> [Source data]:
lemma subfield_0: "0 \<in> K"
  and subfield_1: "1 \<in> K"
  and subfield_add: "x \<in> K \<Longrightarrow> y \<in> K \<Longrightarrow> x + y \<in> K"
  and subfield_diff: "x \<in> K \<Longrightarrow> y \<in> K \<Longrightarrow> x - y \<in> K"
  and subfield_mult: "x \<in> K \<Longrightarrow> y \<in> K \<Longrightarrow> x * y \<in> K"
  using K by (simp_all add: is_subfield_def)

lemma subfield_inverse: "x \<in> K \<Longrightarrow> inverse x \<in> K"
  using K by (cases "x = 0") (auto simp: is_subfield_def)

lemma subfield_divide: "x \<in> K \<Longrightarrow> y \<in> K \<Longrightarrow> x / y \<in> K"
  by (simp add: divide_inverse subfield_mult subfield_inverse)

lemma subfield_uminus: "x \<in> K \<Longrightarrow> - x \<in> K"
  using subfield_diff[of 0 x] subfield_0 by simp

lemma subfield_power: "x \<in> K \<Longrightarrow> x ^ n \<in> K"
  by (induction n) (auto intro: subfield_mult subfield_1)

lemma subfield_sum: "(\<And>i. i \<in> A \<Longrightarrow> f i \<in> K) \<Longrightarrow> sum f A \<in> K"
  by (induction A rule: infinite_finite_induct) (auto intro: subfield_add subfield_0)

lemma subfield_of_nat: "of_nat n \<in> K"
  by (induction n) (auto intro: subfield_add subfield_1 subfield_0)

lemma subfield_of_rat: "of_rat q \<in> K"
proof -
  obtain a b where "q = Fract a b" "b > 0"
    by (cases q) auto
  then have "(of_rat q :: 'a) = of_int a / of_int b"
    by (simp add: of_rat_rat)
  moreover have "(of_int n :: 'a) \<in> K" for n
    using subfield_of_nat[of "nat n"] subfield_uminus[OF subfield_of_nat[of "nat (- n)"]]
    by (cases "n \<ge> 0") simp_all
  ultimately show ?thesis
    by (simp add: subfield_divide)
qed

lemma Rats_subset_subfield: "\<rat> \<subseteq> K"
  by (auto elim: Rats_cases simp: subfield_of_rat)

end

definition subfield_hull :: "'a::field_char_0 set \<Rightarrow> 'a set" where
  "subfield_hull S = \<Inter> {K. is_subfield K \<and> S \<subseteq> K}"

lemma is_subfield_Inter: "(\<And>K. K \<in> F \<Longrightarrow> is_subfield K) \<Longrightarrow> is_subfield (\<Inter> F)"
  unfolding is_subfield_def by blast

lemma is_subfield_subfield_hull: "is_subfield (subfield_hull S)"
  unfolding subfield_hull_def by (rule is_subfield_Inter) auto

lemma subfield_hull_subset: "S \<subseteq> subfield_hull S"
  unfolding subfield_hull_def by auto

lemma subfield_hull_minimal: "is_subfield K \<Longrightarrow> S \<subseteq> K \<Longrightarrow> subfield_hull S \<subseteq> K"
  unfolding subfield_hull_def by auto

lemma subfield_hull_mono: "S \<subseteq> T \<Longrightarrow> subfield_hull S \<subseteq> subfield_hull T"
  by (meson is_subfield_subfield_hull order_trans subfield_hull_minimal subfield_hull_subset)

lemma gen_field_eq_subfield_hull: "gen_field a = subfield_hull {a}"
  unfolding gen_field_def subfield_hull_def by simp

lemma is_subfield_gen_field: "is_subfield (gen_field a)"
  by (simp add: gen_field_eq_subfield_hull is_subfield_subfield_hull)

lemma gen_field_self: "a \<in> gen_field a"
  using subfield_hull_subset[of "{a}"] by (simp add: gen_field_eq_subfield_hull)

> [What you will do]: Write the records above out again precisely.

> [Result of the exercise]:
lemma subfield_0: "0 \<in> K"
  and subfield_1: "1 \<in> K"
  and subfield_add: "x \<in> K \<Longrightarrow> y \<in> K \<Longrightarrow> x + y \<in> K"
  and subfield_diff: "x \<in> K \<Longrightarrow> y \<in> K \<Longrightarrow> x - y \<in> K"
  and subfield_mult: "x \<in> K \<Longrightarrow> y \<in> K \<Longrightarrow> x * y \<in> K"
  using K by (simp_all add: is_subfield_def)

lemma subfield_inverse: "x \<in> K \<Longrightarrow> inverse x \<in> K"
  using K by (cases "x = 0") (auto simp: is_subfield_def)

lemma subfield_divide: "x \<in> K \<Longrightarrow> y \<in> K \<Longrightarrow> x / y \<in> K"
  by (simp add: divide_inverse subfield_mult subfield_inverse)

lemma subfield_uminus: "x \<in> K \<Longrightarrow> - x \<in> K"
  using subfield_diff[of 0 x] subfield_0 by simp

lemma subfield_power: "x \<in> K \<Longrightarrow> x ^ n \<in> K"
  by (induction n) (auto intro: subfield_mult subfield_1)

lemma subfield_sum: "(\<And>i. i \<in> A \<Longrightarrow> f i \<in> K) \<Longrightarrow> sum f A \<in> K"
  by (induction A rule: infinite_finite_induct) (auto intro: subfield_add subfield_0)

lemma subfield_of_nat: "of_nat n \<in> K"
  by (induction n) (auto intro: subfield_add subfield_1 subfield_0)

lemma subfield_of_rat: "of_rat q \<in> K"
proof -
  obtain a b where "q = Fract a b" "b > 0"
    by (cases q) auto
  then have "(of_rat q :: 'a) = of_int a / of_int b"
    by (simp add: of_rat_rat)
  moreover have "(of_int n :: 'a) \<in> K" for n
    using subfield_of_nat[of "nat n"] subfield_uminus[OF subfield_of_nat[of "nat (- n)"]]
    by (cases "n \<ge> 0") simp_all
  ultimately show ?thesis
    by (simp add: subfield_divide)
qed

lemma Rats_subset_subfield: "\<rat> \<subseteq> K"
  by (auto elim: Rats_cases simp: subfield_of_rat)

end

definition subfield_hull :: "'a::field_char_0 set \<Rightarrow> 'a set" where
  "subfield_hull S = \<Inter> {K. is_subfield K \<and> S \<subseteq> K}"

lemma is_subfield_Inter: "(\<And>K. K \<in> F \<Longrightarrow> is_subfield K) \<Longrightarrow> is_subfield (\<Inter> F)"
  unfolding is_subfield_def by blast

lemma is_subfield_subfield_hull: "is_subfield (subfield_hull S)"
  unfolding subfield_hull_def by (rule is_subfield_Inter) auto

lemma subfield_hull_subset: "S \<subseteq> subfield_hull S"
  unfolding subfield_hull_def by auto

lemma subfield_hull_minimal: "is_subfield K \<Longrightarrow> S \<subseteq> K \<Longrightarrow> subfield_hull S \<subseteq> K"
  unfolding subfield_hull_def by auto

lemma subfield_hull_mono: "S \<subseteq> T \<Longrightarrow> subfield_hull S \<subseteq> subfield_hull T"
  by (meson is_subfield_subfield_hull order_trans subfield_hull_minimal subfield_hull_subset)

lemma gen_field_eq_subfield_hull: "gen_field a = subfield_hull {a}"
  unfolding gen_field_def subfield_hull_def by simp

lemma is_subfield_gen_field: "is_subfield (gen_field a)"
  by (simp add: gen_field_eq_subfield_hull is_subfield_subfield_hull)

lemma gen_field_self: "a \<in> gen_field a"
  using subfield_hull_subset[of "{a}"] by (simp add: gen_field_eq_subfield_hull)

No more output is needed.